Собственно, и «склон лет» тут только на руку: ведь Боб и Misha ставят спектакль про Нижинского второй, «темной» половины жизни – действие происходит в 1945 году, в последние недели Второй мировой, хаос внешних событий вторит хаосу души, рассыпающейся на осколки воспоминаний, мыслей, чувств и слов.
Здесь нам необходимо сделать важное отступление. У текста «Дневника», легшего в основу постановки, – особая, странная, тоже на грани абсурда, судьба. Впервые он был опубликован еще при жизни Нижинского, в 1936 году, – но в английском переводе, с большими купюрами и, как было установлено впоследствии, в виде мешанины нарезанных кусков. Спустя еще 20 лет с английского его переводят на французский, а потом уже с французского… обратно на русский. В таком переводе в 90-х годах его издают в России. Наконец, благодаря кропотливой работе исследователей уже в 2000 году в России был издан оригинальный неадаптированный, с восстановленной хронологией, текст «Дневника».
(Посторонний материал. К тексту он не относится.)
(* Let $D$ be a finite set of $n$ training instances partitioned into $K$ disjoint nonempty clusters $D = C_1 \cup \dots \cup C_K$ with $|C_k| = n_k \ge 1$. Let $m_1,\dots,m_K > 0$ and $\lambda_1, \lambda_2 > 0$ with $m_k = \lambda_2 n_k$ for all $k$, and set $u_k = \lambda_1 m_k$. Define $v(S) = \sum_{k=1}^K u_k\, \mathbf{1}\{S \cap C_k \neq \emptyset\}$ for $S \subseteq D$. Then for every $k$ and every $i \in C_k$: (i) the Shapley value of $i$ in $(D,v)$ equals $\lambda_1\lambda_2$, independently of $k$; (ii) the Banzhaf value of $i$ in $(D,v)$ equals $\lambda_1\lambda_2\, n_k/2^{\,n_k-1}$, and the map $n_k \mapsto n_k/2^{\,n_k-1}$ is non-increasing on positive integers and strictly decreasing for $n_k \ge 2$.
   Context: Interpretation: $m_k$ is the number of test points associated with cluster $C_k$ and $u_k$ the utility of the cluster (e.g. $\lambda_1 = 1/\sum_k m_k$ for accuracy). The Shapley value of $i$ is $\phi_i = \mathbb{E}_{\pi}[v(S_i(\pi)\cup\{i\}) - v(S_i(\pi))]$ with $\pi$ a uniformly random ordering of $D$ and $S_i(\pi)$ the players preceding $i$; the Banzhaf value is $\phi_i = 2^{-(n-1)}\sum_{S\subseteq D\setminus\{i\}}(v(S\cup\{i\})-v(S))$ where $n=|D|$. *)

theory Defs
  imports Complex_Main "HOL-Combinatorics.Multiset_Permutations"
begin

definition preceding :: "'a list \<Rightarrow> 'a \<Rightarrow> 'a set" where
  "preceding ord i = set (takeWhile (\<lambda>x. x \<noteq> i) ord)"

definition shapley :: "'a set \<Rightarrow> ('a set \<Rightarrow> real) \<Rightarrow> 'a \<Rightarrow> real" where
  "shapley D v i =
     (\<Sum>ord\<in>permutations_of_set D. v (preceding ord i \<union> {i}) - v (preceding ord i))
       / real (card (permutations_of_set D))"

definition banzhaf :: "'a set \<Rightarrow> ('a set \<Rightarrow> real) \<Rightarrow> 'a \<Rightarrow> real" where
  "banzhaf D v i =
     (\<Sum>S\<in>Pow (D - {i}). v (S \<union> {i}) - v S) / 2 ^ (card D - 1)"

end

theory Submission
  imports Defs
begin

text \<open>
  In the cluster game the marginal contribution of a player \<open>i \<in> C\<^sub>k\<close> to a coalition \<open>S\<close>
  is \<open>u\<^sub>k\<close> if \<open>S\<close> misses \<open>C\<^sub>k\<close> and \<open>0\<close> otherwise. For the Shapley value, \<open>S\<close> is the set of
  predecessors of \<open>i\<close> in a random ordering, and \<open>S\<close> misses \<open>C\<^sub>k\<close> exactly when \<open>i\<close> comes first
  among the members of \<open>C\<^sub>k\<close>; by the symmetry swapping \<open>i\<close> with another member this has
  probability \<open>1/n\<^sub>k\<close>, giving \<open>u\<^sub>k/n\<^sub>k = \<lambda>\<^sub>1\<lambda>\<^sub>2\<close>. For the Banzhaf value the coalitions
  of \<open>D - {i}\<close> missing \<open>C\<^sub>k\<close> are the subsets of \<open>D - C\<^sub>k\<close>, a fraction \<open>1/2^(n\<^sub>k - 1)\<close>
  of all of them.
\<close>

definition first_in :: "'a set \<Rightarrow> 'a list \<Rightarrow> 'a" where
  "first_in C xs = hd (filter (\<lambda>x. x \<in> C) xs)"

lemma preceding_disjoint_iff_first_in:
  assumes "i \<in> set xs" "i \<in> C"
  shows "preceding xs i \<inter> C = {} \<longleftrightarrow> first_in C xs = i"
  using assms unfolding preceding_def first_in_def
  by (induction xs) auto

lemma first_in_mem:
  assumes "set xs \<inter> C \<noteq> {}"
  shows "first_in C xs \<in> C"
proof -
  have "filter (\<lambda>x. x \<in> C) xs \<noteq> []"
    using assms by (auto simp: filter_empty_conv)
  then show ?thesis
    unfolding first_in_def using hd_in_set by fastforce
qed

lemma first_in_map_transpose:
  assumes "i \<in> C" "j \<in> C" "set xs \<inter> C \<noteq> {}"
  shows "first_in C (map (transpose i j) xs) = transpose i j (first_in C xs)"
proof -
  have "filter (\<lambda>x. x \<in> C) (map (transpose i j) xs) = map (transpose i j) (filter (\<lambda>x. x \<in> C) xs)"
    using assms(1,2) by (induction xs) (auto simp: transpose_def)
  moreover have "filter (\<lambda>x. x \<in> C) xs \<noteq> []"
    using assms(3) by (auto simp: filter_empty_conv)
  ultimately show ?thesis
    unfolding first_in_def by (simp add: hd_map)
qed

lemma map_transpose_permutations_of_set:
  assumes "xs \<in> permutations_of_set D" "i \<in> D" "j \<in> D"
  shows "map (transpose i j) xs \<in> permutations_of_set D"
  using assms by (auto simp: permutations_of_set_def distinct_map)

lemma card_first_in_eq:
  assumes "C \<subseteq> D" "i \<in> C" "j \<in> C"
  shows "card {xs \<in> permutations_of_set D. first_in C xs = j}
       = card {xs \<in> permutations_of_set D. first_in C xs = i}"
proof (rule bij_betw_same_card)
  let ?t = "map (transpose i j)"
  have meets: "set xs \<inter> C \<noteq> {}" if "xs \<in> permutations_of_set D" for xs
    using that assms by (auto dest: permutations_of_setD)
  have "?t ` {xs \<in> permutations_of_set D. first_in C xs = k}
        \<subseteq> {xs \<in> permutations_of_set D. first_in C xs = transpose i j k}" for k
    using assms meets first_in_map_transpose map_transpose_permutations_of_set by fastforce
  from this[of j] this[of i]
  show "bij_betw ?t {xs \<in> permutations_of_set D. first_in C xs = j}
                   {xs \<in> permutations_of_set D. first_in C xs = i}"
    by (intro bij_betw_byWitness[of _ ?t]) (simp_all add: map_idI)
qed

lemma card_permutations_of_set_first_in:
  assumes "finite D" "C \<subseteq> D" "i \<in> C"
  shows "card (permutations_of_set D) = card C * card {xs \<in> permutations_of_set D. first_in C xs = i}"
proof -
  have "finite C"
    using assms finite_subset by blast
  have "first_in C xs \<in> C" if "xs \<in> permutations_of_set D" for xs
    using that assms by (intro first_in_mem) (auto dest: permutations_of_setD)
  then have "first_in C ` permutations_of_set D \<subseteq> C"
    by blast
  then have "card (permutations_of_set D)
      = (\<Sum>j\<in>C. card {xs \<in> permutations_of_set D. first_in C xs = j})"
    using sum.group[OF _ \<open>finite C\<close>, of "permutations_of_set D" "first_in C" "\<lambda>_. 1::nat"] assms(1)
    by simp
  also have "\<dots> = card C * card {xs \<in> permutations_of_set D. first_in C xs = i}"
    using card_first_in_eq[OF assms(2,3)] by simp
  finally show ?thesis .
qed

lemma shapley_eq_if_marginal_misses_cluster:
  assumes "finite D" "C \<subseteq> D" "i \<in> C"
    and marginal: "\<And>S. v (S \<union> {i}) - v S = (if S \<inter> C = {} then w else 0)"
  shows "shapley D v i = w / card C"
proof -
  let ?P = "permutations_of_set D" and ?F = "{xs \<in> permutations_of_set D. first_in C xs = i}"
  have "(\<Sum>xs\<in>?P. v (preceding xs i \<union> {i}) - v (preceding xs i))
      = (\<Sum>xs\<in>?P. if first_in C xs = i then w else 0)"
  proof (rule sum.cong)
    fix xs assume "xs \<in> ?P"
    then have "i \<in> set xs"
      using assms by (auto dest: permutations_of_setD)
    then show "v (preceding xs i \<union> {i}) - v (preceding xs i) = (if first_in C xs = i then w else 0)"
      using marginal preceding_disjoint_iff_first_in[OF _ \<open>i \<in> C\<close>] by simp
  qed simp
  also have "\<dots> = w * card ?F"
    using assms(1) by (simp add: sum.If_cases Int_def)
  finally have "shapley D v i = w * card ?F / (card C * card ?F)"
    unfolding shapley_def card_permutations_of_set_first_in[OF assms(1-3)] by simp
  moreover have "card ?F \<noteq> 0"
    using card_permutations_of_set_first_in[OF assms(1-3)] assms(1)
    by (metis card_permutations_of_set fact_nonzero mult_0_right)
  ultimately show ?thesis
    by simp
qed

lemma banzhaf_eq_if_marginal_misses_cluster:
  assumes "finite D" "C \<subseteq> D" "i \<in> C"
    and marginal: "\<And>S. v (S \<union> {i}) - v S = (if S \<inter> C = {} then w else 0)"
  shows "banzhaf D v i = w / 2 ^ (card C - 1)"
proof -
  have "finite C" "card C \<ge> 1" "card C \<le> card D"
    using assms by (auto intro: finite_subset card_mono simp: Suc_le_eq card_gt_0_iff)
  have "(\<Sum>S\<in>Pow (D - {i}). v (S \<union> {i}) - v S) = (\<Sum>S\<in>Pow (D - {i}). if S \<inter> C = {} then w else 0)"
    by (simp only: marginal)
  also have "\<dots> = w * card {S \<in> Pow (D - {i}). S \<inter> C = {}}"
    using assms(1) by (simp add: sum.If_cases Int_def)
  also have "{S \<in> Pow (D - {i}). S \<inter> C = {}} = Pow (D - C)"
    using assms(3) by auto
  also have "card (Pow (D - C)) = 2 ^ (card D - card C)"
    using assms \<open>finite C\<close> by (simp add: card_Pow card_Diff_subset)
  finally have "banzhaf D v i = w * 2 ^ (card D - card C) / (2 ^ (card D - card C) * 2 ^ (card C - 1))"
    using \<open>card C \<ge> 1\<close> \<open>card C \<le> card D\<close> unfolding banzhaf_def by (simp flip: power_add)
  then show ?thesis
    by simp
qed

lemma cluster_game_marginal:
  fixes u :: "'i \<Rightarrow> real"
  assumes "finite I" "disjoint_family_on C I" "k \<in> I" "i \<in> C k"
  defines "v \<equiv> \<lambda>S. \<Sum>j\<in>I. u j * (if S \<inter> C j \<noteq> {} then 1 else 0)"
  shows "v (S \<union> {i}) - v S = (if S \<inter> C k = {} then u k else 0)"
proof -
  have "v (S \<union> {i}) - v S
      = (\<Sum>j\<in>I. u j * ((if (S \<union> {i}) \<inter> C j \<noteq> {} then 1 else 0) - (if S \<inter> C j \<noteq> {} then 1 else 0)))"
    unfolding v_def by (simp add: sum_subtractf[symmetric] algebra_simps)
  also have "\<dots> = (\<Sum>j\<in>I. if j = k then (if S \<inter> C k = {} then u k else 0) else 0)"
  proof (rule sum.cong)
    fix j assume "j \<in> I"
    show "u j * ((if (S \<union> {i}) \<inter> C j \<noteq> {} then 1 else 0) - (if S \<inter> C j \<noteq> {} then 1 else 0))
        = (if j = k then (if S \<inter> C k = {} then u k else 0) else 0)"
    proof (cases "j = k")
      case False
      then have "i \<notin> C j"
        using assms(2-4) \<open>j \<in> I\<close> by (auto simp: disjoint_family_on_def)
      then show ?thesis
        using False by (simp add: Int_insert_left)
    qed (use assms(4) in auto)
  qed simp
  also have "\<dots> = (if S \<inter> C k = {} then u k else 0)"
    using assms(1,3) by simp
  finally show ?thesis .
qed

lemma n_over_two_pow_antimono:
  assumes "1 \<le> a" "a \<le> b"
  shows "real b / 2 ^ (b - 1) \<le> real a / 2 ^ (a - 1)"
proof (rule lift_Suc_antimono_le_ivl[of "{1..}"])
  show "real (Suc n) / 2 ^ (Suc n - 1) \<le> real n / 2 ^ (n - 1)" if "n \<in> {1..}" for n
    using that by (cases n) (auto simp: field_simps)
qed (use assms in auto)

lemma n_over_two_pow_strict_antimono:
  assumes "2 \<le> a" "a < b"
  shows "real b / 2 ^ (b - 1) < real a / 2 ^ (a - 1)"
proof -
  have "real b / 2 ^ (b - 1) \<le> real (Suc a) / 2 ^ (Suc a - 1)"
    by (rule n_over_two_pow_antimono) (use assms in auto)
  also have "\<dots> < real a / 2 ^ (a - 1)"
    using assms(1) by (cases a) (auto simp: field_simps)
  finally show ?thesis .
qed

theorem mainTheorem3:
  fixes D :: "'a set" and K :: nat and C :: "nat \<Rightarrow> 'a set"
    and m :: "nat \<Rightarrow> real" and lambda1 lambda2 :: real
  assumes finD: "finite D"
    and cover: "(\<Union>k\<in>{1..K}. C k) = D"
    and disj: "\<And>k l. k \<in> {1..K} \<Longrightarrow> l \<in> {1..K} \<Longrightarrow> k \<noteq> l \<Longrightarrow> C k \<inter> C l = {}"
    and nonempty: "\<And>k. k \<in> {1..K} \<Longrightarrow> C k \<noteq> {}"
    and mpos: "\<And>k. k \<in> {1..K} \<Longrightarrow> m k > 0"
    and l1: "lambda1 > 0" and l2: "lambda2 > 0"
    and mdef: "\<And>k. k \<in> {1..K} \<Longrightarrow> m k = lambda2 * real (card (C k))"
  shows "(\<forall>k\<in>{1..K}. \<forall>i\<in>C k.
            let v = (\<lambda>S. \<Sum>j\<in>{1..K}. (lambda1 * m j) * (if S \<inter> C j \<noteq> {} then 1 else 0))
            in shapley D v i = lambda1 * lambda2
             \<and> banzhaf D v i = lambda1 * lambda2 * real (card (C k)) / 2 ^ (card (C k) - 1))
       \<and> (\<forall>a b::nat. 1 \<le> a \<longrightarrow> a \<le> b \<longrightarrow> real b / 2 ^ (b - 1) \<le> real a / 2 ^ (a - 1))
       \<and> (\<forall>a b::nat. 2 \<le> a \<longrightarrow> a < b \<longrightarrow> real b / 2 ^ (b - 1) < real a / 2 ^ (a - 1))"
proof (intro conjI ballI allI impI)
  fix k i assume k: "k \<in> {1..K}" and i: "i \<in> C k"
  define v where "v = (\<lambda>S. \<Sum>j\<in>{1..K}. (lambda1 * m j) * (if S \<inter> C j \<noteq> {} then 1 else (0::real)))"
  have "C k \<subseteq> D"
    using cover k by blast
  have "card (C k) \<noteq> 0"
    using nonempty[OF k] finD \<open>C k \<subseteq> D\<close> by (meson card_0_eq finite_subset)
  have disjoint: "disjoint_family_on C {1..K}"
    using disj by (auto simp: disjoint_family_on_def)
  have marginal: "v (S \<union> {i}) - v S = (if S \<inter> C k = {} then lambda1 * m k else 0)" for S
    unfolding v_def
    using cluster_game_marginal[where u = "\<lambda>j. lambda1 * m j", OF finite_atLeastAtMost disjoint k i]
    by simp
  have "shapley D v i = lambda1 * lambda2"
    using shapley_eq_if_marginal_misses_cluster[OF finD \<open>C k \<subseteq> D\<close> i marginal]
      \<open>card (C k) \<noteq> 0\<close> by (simp add: mdef[OF k])
  moreover have "banzhaf D v i = lambda1 * lambda2 * real (card (C k)) / 2 ^ (card (C k) - 1)"
    using banzhaf_eq_if_marginal_misses_cluster[OF finD \<open>C k \<subseteq> D\<close> i marginal]
    by (simp add: mdef[OF k])
  ultimately show "let v = (\<lambda>S. \<Sum>j\<in>{1..K}. (lambda1 * m j) * (if S \<inter> C j \<noteq> {} then 1 else 0))
            in shapley D v i = lambda1 * lambda2
             \<and> banzhaf D v i = lambda1 * lambda2 * real (card (C k)) / 2 ^ (card (C k) - 1)"
    unfolding Let_def v_def[symmetric] by (rule conjI)
next
  show "real b / 2 ^ (b - 1) \<le> real a / 2 ^ (a - 1)" if "1 \<le> a" "a \<le> b" for a b :: nat
    using that by (rule n_over_two_pow_antimono)
  show "real b / 2 ^ (b - 1) < real a / 2 ^ (a - 1)" if "2 \<le> a" "a < b" for a b :: nat
    using that by (rule n_over_two_pow_strict_antimono)
qed

end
За те более чем полувека, что прошли от момента первой публикации до издания полного текста (на Западе и у нас), книга (так называл ее сам Нижинский) успела обрасти собственной мифологией. За ней, еще не распознанной в своем истинном виде, закрепился безусловный статус художественного произведения: Генри Миллер объявляет, что Нижинский мог бы стать писателем не менее великим, чем танцовщиком, а французский философ Жиль Делёз восхищенно цитирует ее в своей работе «Анти-Эдип».
Достаточно положить рядом два текста, обратный перевод на русский и русский подлинник, чтобы увидеть, как необработанный, косноязычный, дыбящийся неологизмами и детски-звериными непристойностями, шокирующий и пронзающий сердце дневник Нижинского превращается в гладкий, с велеречивыми оборотами, немного наивный, но в целом вполне логичный, «авторский» текст. Именно из перевода (переводов) взялся знаменитый «клоун Божий», перекочевавший во всевозможные постановки, в том числе бежаровский балет. В подлиннике Нижинского – «шут в Боге». Не все ли равно: Божий клоун, шут в Боге? Разница огромна.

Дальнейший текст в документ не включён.